By TOM FOREMAN Jr. | AP
COLUMBIA, S.C. (AP) — For James Felder, the question of which presidential candidate to support in the South Carolina primary has never been terribly complicated. The 80-year-old civil rights activist has always backed Joe Biden, appreciative of the eight years he spent as the No. 2 to the first black president.
But when Felder opened a recent forum at historically black Benedict College to questions, students in the room weren’t so convinced.
J’Kobe Kelley-Mills, a junior English major, said he was torn between Biden and Bernie Sanders, the progressive Vermont senator who is now the Democratic front-runner after strong performances in the first three primary contests.
“They both have decades of political experience,” Kelley-Mills said of Biden and Sanders, adding that most of his friends were siding with the senator. “They’re going to really know how to communicate with people on the other side of the aisle in the Senate and I think that if we can get them in there, we can finally start to see the government start to move forward.”
Faith Dupree, a senior psychology major and member of Benedict’s NAACP student chapter, said she was backing Sanders, and sophomore Luis Gonzalez said he would likely vote for Massachusetts Sen. Elizabeth Warren.

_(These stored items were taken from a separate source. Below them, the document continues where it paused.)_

text \<open>The root \<open>x\<close> of tree \<open>j\<close> has \<open>\<delta> x + k\<close> colours and \<open>\<delta> x\<close> choices for the tree of the
  minimum when \<open>x \<noteq> Min L\<close>; the minimal root has \<open>\<delta> (Min L)\<close> colours and sits over any of the
  \<open>m + (n - 1) - \<Sum>\<delta> (L - {Min L})\<close> trees of the remaining forest. Since the factor \<open>\<delta> x\<close> turns
  \<open>\<Prod>\<delta> (L - {x})\<close> into \<open>\<Prod>\<delta> L\<close>, the contributions add up to \<open>m + (n - 1) (1 + k)\<close>.\<close>

lemma card_root_contribution:
  assumes fin: "finite L" and nonempty: "L - {Min L} \<noteq> {}" and pos: "\<forall>x\<in>L. 1 \<le> \<delta> x"
    and j: "j + sum \<delta> L < m + card L"
    and IH: "\<And>x j'. x \<in> L \<Longrightarrow> j' + sum \<delta> (L - {x}) < m + card (L - {x}) \<Longrightarrow>
           card (forests_min_at k \<delta> (L - {x}) m j') = prod \<delta> (L - {x}) * P"
    and "0 < P" and x: "x \<in> L"
  shows "finite (graft_bases k \<delta> L m j x)"
    and "card (colour_range k (\<delta> x) (x = Min L)) * card (graft_bases k \<delta> L m j x) =
           (if x = Min L then m + card (L - {x}) - sum \<delta> (L - {x}) else \<delta> x + k) * (prod \<delta> L * P)"
proof -
  have "0 < prod \<delta> (L - {x})"
    using pos by (intro prod_pos) auto
  then have pos_c: "0 < prod \<delta> (L - {x}) * P"
    using \<open>0 < P\<close> by simp
  have prod_L: "prod \<delta> L = \<delta> x * prod \<delta> (L - {x})"
    by (rule prod.remove[OF fin x])
  let ?c = "card (colour_range k (\<delta> x) (x = Min L)) * card (graft_bases k \<delta> L m j x)"
  have "finite (graft_bases k \<delta> L m j x) \<and>
      ?c = (if x = Min L then m + card (L - {x}) - sum \<delta> (L - {x}) else \<delta> x + k) * (prod \<delta> L * P)"
  proof (cases "x = Min L")
    case True
    then have "L - {x} \<noteq> {}" using nonempty by simp
    with True show ?thesis
      using card_decorated_forests_from_min_at[OF _ _ IH[OF x] pos_c] fin prod_L
      by (simp add: graft_bases_def card_colour_range)
  next
    case False
    then show ?thesis
      using card_graft_bases_not_Min[OF fin x False j IH[OF x] pos_c] prod_L
      by (simp add: card_colour_range)
  qed
  then show "finite (graft_bases k \<delta> L m j x)"
    "?c = (if x = Min L then m + card (L - {x}) - sum \<delta> (L - {x}) else \<delta> x + k) * (prod \<delta> L * P)"
    by simp_all
qed

lemma card_forests_min_at_step:
  assumes fin: "finite L" and nonempty: "L - {Min L} \<noteq> {}" and pos: "\<forall>x\<in>L. 1 \<le> \<delta> x"
    and j: "j + sum \<delta> L < m + card L"
    and IH: "\<And>x j'. x \<in> L \<Longrightarrow> j' + sum \<delta> (L - {x}) < m + card (L - {x}) \<Longrightarrow>
           card (forests_min_at k \<delta> (L - {x}) m j') = prod \<delta> (L - {x}) * P"
    and "0 < P"
  shows "card (forests_min_at k \<delta> L m j) = (m + card (L - {Min L}) * (1 + k)) * (prod \<delta> L * P)"
proof -
  define \<mu> where "\<mu> = Min L"
  have "L \<noteq> {}" using nonempty by blast
  then have \<mu>: "\<mu> \<in> L" using fin by (simp add: \<mu>_def)
  define lp where "lp = m + card (L - {\<mu>}) - sum \<delta> (L - {\<mu>})"
  note contribution = card_root_contribution[OF fin nonempty pos j IH \<open>0 < P\<close>]
  have "card (forests_min_at k \<delta> L m j) =
      (\<Sum>x\<in>L. (if x = \<mu> then lp else \<delta> x + k)) * (prod \<delta> L * P)"
    using card_forests_min_at_eq_sum[OF fin pos j] contribution
    by (simp add: \<mu>_def lp_def sum_distrib_right cong: if_cong)
  also have "(\<Sum>x\<in>L. (if x = \<mu> then lp else \<delta> x + k)) =
      lp + (sum \<delta> (L - {\<mu>}) + card (L - {\<mu>}) * k)"
  proof -
    have "(\<Sum>x\<in>L - {\<mu>}. if x = \<mu> then lp else \<delta> x + k) = (\<Sum>x\<in>L - {\<mu>}. \<delta> x + k)"
      by (rule sum.cong) auto
    then show ?thesis
      unfolding sum.remove[OF fin \<mu>] by (simp add: sum.distrib)
  qed
  also have "\<dots> = m + card (L - {\<mu>}) * (1 + k)"
  proof -
    have "lp + sum \<delta> (L - {\<mu>}) = m + card (L - {\<mu>})"
      unfolding lp_def using j sum.remove[OF fin \<mu>, of \<delta>] card_Suc_Diff1[OF fin \<mu>] by linarith
    then show ?thesis by (simp add: algebra_simps)
  qed
  finally show ?thesis by (simp add: \<mu>_def)
qed

lemma card_forests_min_at:
  assumes "finite L" "L \<noteq> {}" "\<forall>x\<in>L. 1 \<le> \<delta> x" "j + sum \<delta> L < m + card L"
  shows "card (forests_min_at k \<delta> L m j) = prod \<delta> L * arith_prog_prod k m (card L)"
  using assms
proof (induction "card L" arbitrary: L j rule: less_induct)
  case less
  note fin = less.prems(1) and pos = less.prems(3) and j = less.prems(4)
  have Min: "Min L \<in> L" using fin less.prems(2) by simp
  show ?case
  proof (cases "L - {Min L} = {}")
    case True
    then obtain a where L: "L = {a}" using Min by blast
    have "graft_bases k \<delta> L m j a = {replicate m (Node (0, Col 0) [])}"
      using L decorated_forests_empty by (simp add: graft_bases_def)
    then show ?thesis
      using card_forests_min_at_eq_sum[OF fin pos j] L
      by (simp add: card_colour_range arith_prog_prod_def)
  next
    case False
    have card_L: "card L = Suc (card (L - {x}))" if "x \<in> L" for x
      using card_Suc_Diff1[OF fin that] by simp
    have "card (forests_min_at k \<delta> (L - {x}) m j') =
        prod \<delta> (L - {x}) * arith_prog_prod k m (card (L - {Min L}))"
      if x: "x \<in> L" and j': "j' + sum \<delta> (L - {x}) < m + card (L - {x})" for x j'
    proof -
      have "card (L - {x}) = card (L - {Min L})"
        using card_L[OF x] card_L[OF Min] by simp
      moreover have "0 < card (L - {Min L})"
        using False fin by (simp add: card_gt_0_iff)
      ultimately have "L - {x} \<noteq> {}"
        by (metis card.empty less_irrefl)
      moreover have "card (L - {x}) < card L"
        using card_L[OF x] by simp
      ultimately show ?thesis
        using less.hyps[of "L - {x}" j'] fin pos j' \<open>card (L - {x}) = card (L - {Min L})\<close> by simp
    qed
    then have "card (forests_min_at k \<delta> L m j) =
        (m + card (L - {Min L}) * (1 + k)) * (prod \<delta> L * arith_prog_prod k m (card (L - {Min L})))"
      using card_forests_min_at_step[OF fin False pos j] arith_prog_prod_pos by blast
    moreover have "0 < card (L - {Min L})"
      using False fin by (simp add: card_gt_0_iff)
    ultimately show ?thesis
      using card_L[OF Min] by (simp add: arith_prog_prod_Suc algebra_simps)
  qed
qed

lemma card_decorated_forests:
  assumes "finite L" "L \<noteq> {}" "\<forall>x\<in>L. 1 \<le> \<delta> x"
  shows "card {F. decorated_forest k \<delta> L m F} =
           (m + card L - sum \<delta> L) * prod \<delta> L * arith_prog_prod k m (card L)"
proof -
  have "0 < prod \<delta> L"
    using assms(3) by (intro prod_pos) auto
  then show ?thesis
    using card_decorated_forests_from_min_at(2)[OF assms(1,2) card_forests_min_at[OF assms]]
    by (simp add: arith_prog_prod_pos mult.assoc)
qed

definition block_index :: "(nat \<Rightarrow> nat set) \<Rightarrow> nat \<Rightarrow> nat" where
  "block_index S x = (SOME d. 1 \<le> d \<and> x \<in> S d)"

lemma V_D:
  assumes "S \<in> V r"
  shows "\<And>i j. 1 \<le> i \<Longrightarrow> 1 \<le> j \<Longrightarrow> i \<noteq> j \<Longrightarrow> S i \<inter> S j = {}"
    and "\<And>i. 1 \<le> i \<Longrightarrow> S i \<subseteq> {1..n_of r}"
    and "\<And>x. x \<in> {1..n_of r} \<Longrightarrow> \<exists>d\<ge>1. x \<in> S d"
    and "\<And>i. 1 \<le> i \<Longrightarrow> card (S i) = r i"
  using assms unfolding V_def by (auto simp: set_eq_iff)

lemma block_index_mem:
  assumes "S \<in> V r" "x \<in> {1..n_of r}"
  shows "1 \<le> block_index S x" "x \<in> S (block_index S x)"
  using someI_ex[OF V_D(3)[OF assms]] by (simp_all add: block_index_def)

lemma block_index_eqI:
  assumes "S \<in> V r" "1 \<le> d" "x \<in> S d"
  shows "block_index S x = d"
proof -
  have "x \<in> {1..n_of r}" using V_D(2)[OF assms(1,2)] assms(3) by blast
  then show ?thesis
    using block_index_mem[OF assms(1)] V_D(1)[OF assms(1), of "block_index S x" d] assms(2,3) by blast
qed

lemma block_index_fibre:
  assumes "S \<in> V r" "1 \<le> d"
  shows "{x \<in> {1..n_of r}. block_index S x = d} = S d"
proof (intro set_eqI iffI)
  fix x assume "x \<in> {x \<in> {1..n_of r}. block_index S x = d}"
  then show "x \<in> S d" using block_index_mem(2)[OF assms(1)] by blast
next
  fix x assume "x \<in> S d"
  then show "x \<in> {x \<in> {1..n_of r}. block_index S x = d}"
    using block_index_eqI[OF assms] V_D(2)[OF assms] by blast
qed

lemma block_index_image:
  assumes "S \<in> V r"
  shows "block_index S ` {1..n_of r} = {d. 1 \<le> d \<and> r d \<noteq> 0}"
proof (intro set_eqI iffI)
  fix d assume "d \<in> block_index S ` {1..n_of r}"
  then obtain x where x: "x \<in> {1..n_of r}" and d: "d = block_index S x" by blast
  have "1 \<le> d" "x \<in> S d" using block_index_mem[OF assms x] d by simp_all
  moreover have "finite (S d)"
    using V_D(2)[OF assms \<open>1 \<le> d\<close>] finite_subset by blast
  ultimately have "card (S d) \<noteq> 0" by auto
  then show "d \<in> {d. 1 \<le> d \<and> r d \<noteq> 0}"
    using V_D(4)[OF assms \<open>1 \<le> d\<close>] \<open>1 \<le> d\<close> by simp
next
  fix d assume d: "d \<in> {d. 1 \<le> d \<and> r d \<noteq> 0}"
  then have "S d \<noteq> {}" using V_D(4)[OF assms] by force
  then obtain x where x: "x \<in> S d" by blast
  have "1 \<le> d" using d by simp
  show "d \<in> block_index S ` {1..n_of r}"
  proof (rule image_eqI)
    show "d = block_index S x" using block_index_eqI[OF assms \<open>1 \<le> d\<close> x] by simp
    show "x \<in> {1..n_of r}" using V_D(2)[OF assms \<open>1 \<le> d\<close>] x by blast
  qed
qed

lemma sum_block_index:
  assumes "S \<in> V r"
  shows "(\<Sum>x\<in>{1..n_of r}. f (block_index S x)) = (\<Sum>d\<in>{d. 1 \<le> d \<and> r d \<noteq> 0}. of_nat (r d) * f d)"
proof -
  have "(\<Sum>x\<in>{1..n_of r}. f (block_index S x)) =
      (\<Sum>d\<in>block_index S ` {1..n_of r}. \<Sum>x\<in>{x \<in> {1..n_of r}. block_index S x = d}. f (block_index S x))"
    by (rule sum.image_gen) simp
  also have "\<dots> = (\<Sum>d\<in>{d. 1 \<le> d \<and> r d \<noteq> 0}. of_nat (r d) * f d)"
  proof (rule sum.cong[OF block_index_image[OF assms]])
    fix d assume d: "d \<in> {d. 1 \<le> d \<and> r d \<noteq> 0}"
    then have "(\<Sum>x\<in>{x \<in> {1..n_of r}. block_index S x = d}. f (block_index S x)) = (\<Sum>x\<in>S d. f d)"
      using block_index_fibre[OF assms] block_index_eqI[OF assms] by (intro sum.cong) auto
    then show "(\<Sum>x\<in>{x \<in> {1..n_of r}. block_index S x = d}. f (block_index S x)) = of_nat (r d) * f d"
      using d V_D(4)[OF assms] by simp
  qed
  finally show ?thesis .
qed

lemma prod_block_index:
  assumes "S \<in> V r"
  shows "(\<Prod>x\<in>{1..n_of r}. f (block_index S x)) = (\<Prod>d\<in>{d. 1 \<le> d \<and> r d \<noteq> 0}. f d ^ r d)"
proof -
  have "(\<Prod>x\<in>{1..n_of r}. f (block_index S x)) =
      (\<Prod>d\<in>block_index S ` {1..n_of r}. \<Prod>x\<in>{x \<in> {1..n_of r}. block_index S x = d}. f (block_index S x))"
    by (rule prod.image_gen) simp
  also have "\<dots> = (\<Prod>d\<in>{d. 1 \<le> d \<and> r d \<noteq> 0}. f d ^ r d)"
  proof (rule prod.cong[OF block_index_image[OF assms]])
    fix d assume d: "d \<in> {d. 1 \<le> d \<and> r d \<noteq> 0}"
    then have "(\<Prod>x\<in>{x \<in> {1..n_of r}. block_index S x = d}. f (block_index S x)) = (\<Prod>x\<in>S d. f d)"
      using block_index_fibre[OF assms] block_index_eqI[OF assms] by (intro prod.cong) auto
    then show "(\<Prod>x\<in>{x \<in> {1..n_of r}. block_index S x = d}. f (block_index S x)) = f d ^ r d"
      using d V_D(4)[OF assms] by simp
  qed
  finally show ?thesis .
qed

The dynamic was a reminder that black voters aren’t unanimous in how they’re approaching the rapidly evolving Democratic contest. That’s a challenge for Biden as he seeks a commanding win in South Carolina on Saturday. After disappointing finishes in Iowa and New Hampshire, he can’t afford losing much black support here, which could leave him with a narrow victory or, even worse, in second place.